(* Let $P$ be a finite non-abelian $p$-group, $p$ a prime. Then $P$ is exponent-critical and has more than one abelian maximal subgroup (i.e. $P$ is of type $\mathcal{B}$) if and only if $P$ is $2$-generated and its derived subgroup $P'$ has order $p$.
   Context: A finite group $G$ is exponent-critical if $\exp(G)$ is not the least common multiple of the exponents of the proper non-abelian subgroups of $G$. An exponent-critical $p$-group is said to be of type $\mathcal{B}$ if it has more than one abelian maximal subgroup. *)

theory Defs
  imports "HOL-Algebra.Algebra"
begin

definition grp_exp :: "('a, 'b) monoid_scheme \<Rightarrow> 'a set \<Rightarrow> nat" where
  "grp_exp G H = Lcm (group.ord G ` H)"

definition abelian_set :: "('a, 'b) monoid_scheme \<Rightarrow> 'a set \<Rightarrow> bool" where
  "abelian_set G H \<longleftrightarrow> (\<forall>x\<in>H. \<forall>y\<in>H. x \<otimes>\<^bsub>G\<^esub> y = y \<otimes>\<^bsub>G\<^esub> x)"

definition exponent_critical :: "('a, 'b) monoid_scheme \<Rightarrow> bool" where
  "exponent_critical G \<longleftrightarrow>
     grp_exp G (carrier G) \<noteq>
       Lcm {grp_exp G H | H. subgroup H G \<and> H \<noteq> carrier G \<and> \<not> abelian_set G H}"

definition maximal_subgroup :: "'a set \<Rightarrow> ('a, 'b) monoid_scheme \<Rightarrow> bool" where
  "maximal_subgroup M G \<longleftrightarrow> subgroup M G \<and> M \<noteq> carrier G \<and>
     (\<forall>H. subgroup H G \<and> M \<subseteq> H \<longrightarrow> H = M \<or> H = carrier G)"

definition type_B :: "('a, 'b) monoid_scheme \<Rightarrow> bool" where
  "type_B G \<longleftrightarrow> exponent_critical G \<and>
     (\<exists>M1 M2. M1 \<noteq> M2 \<and> maximal_subgroup M1 G \<and> maximal_subgroup M2 G
        \<and> abelian_set G M1 \<and> abelian_set G M2)"

definition two_generated :: "('a, 'b) monoid_scheme \<Rightarrow> bool" where
  "two_generated G \<longleftrightarrow> (\<exists>a\<in>carrier G. \<exists>b\<in>carrier G. generate G {a, b} = carrier G)"

end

### DESCRIPTION OF THE TASK
What you give back must be the stretch above, starting at the line with "Lcm (group.ord G" and ending at the line with "grp_exp G (carrier G) \<noteq>", copied exactly.

### WRITTEN ANSWER
  "grp_exp G H = Lcm (group.ord G ` H)"

definition abelian_set :: "('a, 'b) monoid_scheme \<Rightarrow> 'a set \<Rightarrow> bool" where
  "abelian_set G H \<longleftrightarrow> (\<forall>x\<in>H. \<forall>y\<in>H. x \<otimes>\<^bsub>G\<^esub> y = y \<otimes>\<^bsub>G\<^esub> x)"

definition exponent_critical :: "('a, 'b) monoid_scheme \<Rightarrow> bool" where
  "exponent_critical G \<longleftrightarrow>
     grp_exp G (carrier G) \<noteq>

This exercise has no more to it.